Methods: BRAID provided safe spaces for a series of facilitated conversation circles involving trusted community experts and invited clinicians and scientists. Community experts were encouraged to share their experiences, raise concerns, and ask pandemic-related questions in an informal setting. Community experts were empowered to codesign and coproduce accurate health messages acceptable to their communities. To gain insight into the process of building trust, dialogues involving 22 community experts were transcribed and coded, and post survey data from 21 participants were analyzed.

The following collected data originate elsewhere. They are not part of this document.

lemma param_Ck_scaleR:
  "param_Ck k L f \<Longrightarrow> param_Ck k L g \<Longrightarrow> param_Ck k L (\<lambda>p. f p *\<^sub>R g p)"
proof (induction k arbitrary: f g)
  case 0
  then show ?case by (auto intro!: continuous_intros)
next
  case (Suc k)
  from Suc.prems obtain f' g'
    where f': "\<forall>l\<in>L. \<forall>s. ((\<lambda>s. f (l, s)) has_vector_derivative f' (l, s)) (at s)" "param_Ck k L f'"
      and g': "\<forall>l\<in>L. \<forall>s. ((\<lambda>s. g (l, s)) has_vector_derivative g' (l, s)) (at s)" "param_Ck k L g'"
      and c: "continuous_on (L \<times> UNIV) f" "continuous_on (L \<times> UNIV) g"
    by auto
  have "param_Ck k L (\<lambda>p. f p *\<^sub>R g' p + f' p *\<^sub>R g p)"
    using param_Ck_SucD[OF Suc.prems(1)] param_Ck_SucD[OF Suc.prems(2)]
    by (intro param_Ck_add Suc.IH f' g')
  then show ?case
    using f' g' c
    by (auto intro!: exI[of _ "\<lambda>p. f p *\<^sub>R g' p + f' p *\<^sub>R g p"] continuous_intros
        has_vector_derivative_scaleR simp: has_real_derivative_iff_has_vector_derivative)
qed

lemma param_Ck_snd: "param_Ck k L snd"
proof (cases k)
  case (Suc j)
  have "param_Ck j L (\<lambda>p. (\<lambda>_. 1::real) (fst p))"
    by (rule param_Ck_const) simp
  then show ?thesis using Suc by (auto intro!: exI[of _ "\<lambda>_. 1"] continuous_intros)
qed (auto intro!: continuous_intros)

section \<open>Smooth maps along curves\<close>

lemma smooth_on_has_derivative:
  "smooth_on S G \<Longrightarrow> p \<in> S \<Longrightarrow>
    (iter_dderiv S ws G has_derivative (\<lambda>w. iter_dderiv S (w # ws) G p)) (at p within S)"
  by (simp add: smooth_on_def frechet_derivative_works)

lemma smooth_on_continuous_on_iter_dderiv: "smooth_on S G \<Longrightarrow> continuous_on S (iter_dderiv S ws G)"
  by (simp add: smooth_on_def)

lemma iter_dderiv_Cons_expansion:
  fixes G :: "'a::euclidean_space \<Rightarrow> 'b::real_normed_vector"
  assumes "smooth_on S G" "p \<in> S"
  shows "iter_dderiv S (w # ws) G p = (\<Sum>b\<in>Basis. (w \<bullet> b) *\<^sub>R iter_dderiv S (b # ws) G p)"
proof -
  have "linear (\<lambda>w. iter_dderiv S (w # ws) G p)"
    using smooth_on_has_derivative[OF assms] has_derivative_linear by blast
  then have "iter_dderiv S ((\<Sum>b\<in>Basis. (w \<bullet> b) *\<^sub>R b) # ws) G p
      = (\<Sum>b\<in>Basis. (w \<bullet> b) *\<^sub>R iter_dderiv S (b # ws) G p)"
    by (simp add: linear_sum linear_scale)
  then show ?thesis by (simp add: euclidean_representation)
qed

lemma smooth_on_vector_derivative_comp:
  fixes G :: "'a::euclidean_space \<Rightarrow> 'b::real_normed_vector"
  assumes "smooth_on S G" "\<forall>s. P s \<in> S" "(P has_vector_derivative P') (at s)"
  shows "((\<lambda>s. iter_dderiv S ws G (P s)) has_vector_derivative iter_dderiv S (P' # ws) G (P s)) (at s)"
proof -
  have "(iter_dderiv S ws G has_derivative (\<lambda>w. iter_dderiv S (w # ws) G (P s))) (at (P s) within range P)"
    using smooth_on_has_derivative[OF assms(1), of "P s" ws] assms(2)
    by (auto intro: has_derivative_subset)
  from vector_derivative_diff_chain_within[OF assms(3) this] show ?thesis
    by (simp add: o_def)
qed

corollary smooth_on_vector_derivative_comp_expansion:
  fixes G :: "'a::euclidean_space \<Rightarrow> 'b::real_normed_vector"
  assumes "smooth_on S G" "\<forall>s. P s \<in> S" "(P has_vector_derivative P') (at s)"
  shows "((\<lambda>s. iter_dderiv S ws G (P s)) has_vector_derivative
           (\<Sum>b\<in>Basis. (P' \<bullet> b) *\<^sub>R iter_dderiv S (b # ws) G (P s))) (at s)"
  using smooth_on_vector_derivative_comp[OF assms] iter_dderiv_Cons_expansion[OF assms(1)] assms(2)
  by metis

lemma param_Ck_iter_dderiv_comp:
  fixes G :: "'a::euclidean_space \<Rightarrow> 'b::real_normed_vector"
  assumes G: "smooth_on S G" and PS: "\<forall>l\<in>L. \<forall>s. P (l, s) \<in> S"
  shows "param_Ck k L P \<Longrightarrow> param_Ck k L (\<lambda>p. iter_dderiv S ws G (P p))"
proof (induction k arbitrary: ws)
  case 0
  have "continuous_on (L \<times> UNIV) (iter_dderiv S ws G \<circ> P)"
    using 0 PS
    by (intro continuous_on_compose continuous_on_subset[OF smooth_on_continuous_on_iter_dderiv[OF G]]) auto
  then show ?case by (simp add: o_def)
next
  case (Suc k)
  from Suc.prems obtain P'
    where P': "\<forall>l\<in>L. \<forall>s. ((\<lambda>s. P (l, s)) has_vector_derivative P' (l, s)) (at s)" "param_Ck k L P'"
      and c: "continuous_on (L \<times> UNIV) P"
    by auto
  have cont: "continuous_on (L \<times> UNIV) (iter_dderiv S ws G \<circ> P)"
    using c PS
    by (intro continuous_on_compose continuous_on_subset[OF smooth_on_continuous_on_iter_dderiv[OF G]]) auto
  define Q where "Q p = (\<Sum>b\<in>Basis. (P' p \<bullet> b) *\<^sub>R iter_dderiv S (b # ws) G (P p))" for p
  have "((\<lambda>s. iter_dderiv S ws G (P (l, s))) has_vector_derivative Q (l, s)) (at s)" if "l \<in> L" for l s
    unfolding Q_def using PS P'(1) that
    by (intro smooth_on_vector_derivative_comp_expansion[OF G, of "\<lambda>s. P (l, s)"]) auto
  moreover have "param_Ck k L Q"
  proof -
    have "param_Ck k L (\<lambda>p. iter_dderiv S (b # ws) G (P p))" for b
      using Suc.IH[OF param_Ck_SucD[OF Suc.prems]] .
    then show ?thesis
      unfolding Q_def
      by (intro param_Ck_sum param_Ck_scaleR param_Ck_bounded_linear[OF bounded_linear_inner_left P'(2)]) auto
  qed
  ultimately show ?case using cont by (auto simp: o_def intro!: exI[of _ Q])
qed

section \<open>Derivatives of the phase along a ray\<close>

definition Dx :: "real \<Rightarrow> (real \<Rightarrow> real^'n \<Rightarrow> real^'n) \<Rightarrow> (real \<times> (real^'n)) list \<Rightarrow> real \<times> (real^'n) \<Rightarrow> real^'n"
  where "Dx T x ws = iter_dderiv ({0..T} \<times> UNIV) ws (\<lambda>(t, z). x t z)"

definition DPhi :: "real \<Rightarrow> (real \<Rightarrow> real^'n \<Rightarrow> real^'n \<Rightarrow> complex) \<Rightarrow>
    (real \<times> (real^'n) \<times> (real^'n)) list \<Rightarrow> real \<times> (real^'n) \<times> (real^'n) \<Rightarrow> complex"
  where "DPhi T Phi ws = iter_dderiv ({0..T} \<times> UNIV \<times> UNIV) ws (\<lambda>(t, y, z). Phi t y z)"

definition phase_ray :: "(real \<Rightarrow> real^'n \<Rightarrow> real^'n) \<Rightarrow> (real \<Rightarrow> real^'n \<Rightarrow> real^'n \<Rightarrow> complex) \<Rightarrow>
    real \<Rightarrow> real^'n \<Rightarrow> real^'n \<Rightarrow> real \<Rightarrow> complex"
  where "phase_ray x Phi t z0 u s = Phi t (x t z0 - x t (z0 + s *\<^sub>R u)) (z0 + s *\<^sub>R u)"

text \<open>
  \<open>curve_vel u\<close> and \<open>curve_acc u u\<close> are the velocity and acceleration at \<open>s = 0\<close> of the curve
  \<open>s \<mapsto> (t, x t z0 - x t (z0 + s *\<^sub>R u), z0 + s *\<^sub>R u)\<close> along which \<open>phase_ray\<close> evaluates \<open>Phi\<close>.
  Everything is written in coordinates, so that \<open>phase_deriv2\<close> is bilinear without any
  smoothness hypothesis.
\<close>
definition curve_vel :: "real \<Rightarrow> (real \<Rightarrow> real^'n \<Rightarrow> real^'n) \<Rightarrow> real \<Rightarrow> real^'n \<Rightarrow> real^'n \<Rightarrow>
    real \<times> (real^'n) \<times> (real^'n)"
  where "curve_vel T x t z0 u = (0, - (\<Sum>c\<in>Basis. (u \<bullet> snd c) *\<^sub>R Dx T x [c] (t, z0)), u)"

definition curve_acc :: "real \<Rightarrow> (real \<Rightarrow> real^'n \<Rightarrow> real^'n) \<Rightarrow> real \<Rightarrow> real^'n \<Rightarrow> real^'n \<Rightarrow> real^'n \<Rightarrow>
    real \<times> (real^'n) \<times> (real^'n)"
  where "curve_acc T x t z0 u1 u2 =
    (0, - (\<Sum>c\<in>Basis. (u1 \<bullet> snd c) *\<^sub>R (\<Sum>e\<in>Basis. (u2 \<bullet> snd e) *\<^sub>R Dx T x [e, c] (t, z0))), 0)"

definition phase_deriv1 :: "real \<Rightarrow> (real \<Rightarrow> real^'n \<Rightarrow> real^'n) \<Rightarrow> (real \<Rightarrow> real^'n \<Rightarrow> real^'n \<Rightarrow> complex) \<Rightarrow>
    real \<Rightarrow> real^'n \<Rightarrow> real^'n \<Rightarrow> complex"
  where "phase_deriv1 T x Phi t z0 u = (\<Sum>b\<in>Basis. (curve_vel T x t z0 u \<bullet> b) *\<^sub>R DPhi T Phi [b] (t, 0, z0))"

definition phase_deriv2 :: "real \<Rightarrow> (real \<Rightarrow> real^'n \<Rightarrow> real^'n) \<Rightarrow> (real \<Rightarrow> real^'n \<Rightarrow> real^'n \<Rightarrow> complex) \<Rightarrow>
    real \<Rightarrow> real^'n \<Rightarrow> real^'n \<Rightarrow> real^'n \<Rightarrow> complex"
  where "phase_deriv2 T x Phi t z0 u1 u2 =
    (\<Sum>b\<in>Basis. (curve_vel T x t z0 u1 \<bullet> b) *\<^sub>R
                   (\<Sum>c\<in>Basis. (curve_vel T x t z0 u2 \<bullet> c) *\<^sub>R DPhi T Phi [c, b] (t, 0, z0))
               + (curve_acc T x t z0 u1 u2 \<bullet> b) *\<^sub>R DPhi T Phi [b] (t, 0, z0))"

lemma inner_zero_Pair: "(0::real, u) \<bullet> c = u \<bullet> snd c"
  by (cases c) simp

lemma Dx_ray_has_vector_derivative:
  assumes "smooth_on ({0..T} \<times> UNIV) (\<lambda>(t, z). x t z)" "t \<in> {0..T}"
  shows "((\<lambda>s. Dx T x ws (t, a + s *\<^sub>R u)) has_vector_derivative
           (\<Sum>c\<in>Basis. (u \<bullet> snd c) *\<^sub>R Dx T x (c # ws) (t, a + s *\<^sub>R u))) (at s)"
proof -
  have "((\<lambda>s. (t, a + s *\<^sub>R u)) has_vector_derivative (0, u)) (at s)"
    by (auto intro!: derivative_eq_intros)
  from smooth_on_vector_derivative_comp_expansion[OF assms(1) _ this] assms(2) show ?thesis
    by (simp add: Dx_def inner_zero_Pair)
qed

Conclusions: BRAID is a manualized community engagement model that aims to build the trust needed to improve COVID-19 vaccine uptake in historically marginalized communities. Through BRAID, participants developed increased trust in health systems and research. By empowering community experts to share information through their established social networks, BRAID has the potential to amplify the reach and impact of communications regarding health topics that are controversial and divisive, such as COVID-19 vaccination.

背景:促进 COVID-19 疫苗接种的努力揭示了长期存在的结构性种族主义的影响,并使社区对科学和公共卫生机构的信任长期受到侵蚀。重建信任是克服疫苗接种障碍的当务之急。衔接研究、准确信息和对话 (BRAID) 是一种模式,它结合了几种基于证据的方法来培养与社区专家的信任关系,从而传播准确、及时和可接受的 COVID-19 疫苗信息:描述一种创新的社区参与式研究模式,该模式具有通过社交网络建立信任和传播准确健康信息的潜力:方法:BRAID 为一系列由可信赖的社区专家和受邀临床医生及科学家参与的促进性对话圈提供了安全空间。我们鼓励社区专家在非正式场合分享他们的经验、提出他们关心的问题,并提出与大流行病相关的问题。社区专家被授权共同设计和制作其社区可接受的准确健康信息。为了深入了解建立信任的过程,对 22 名社区专家的对话进行了转录和编码,并对 21 名参与者的后期调查数据进行了分析:BRAID 是一种手册化的社区参与模式,旨在建立必要的信任,以提高历史上被边缘化的社区对 COVID-19 疫苗的接种率。通过 BRAID,参与者增加了对医疗系统和研究的信任。通过授权社区专家通过其已建立的社交网络共享信息,BRAID 有可能扩大有关 COVID-19 疫苗接种等具有争议和分歧的健康话题的传播范围和影响。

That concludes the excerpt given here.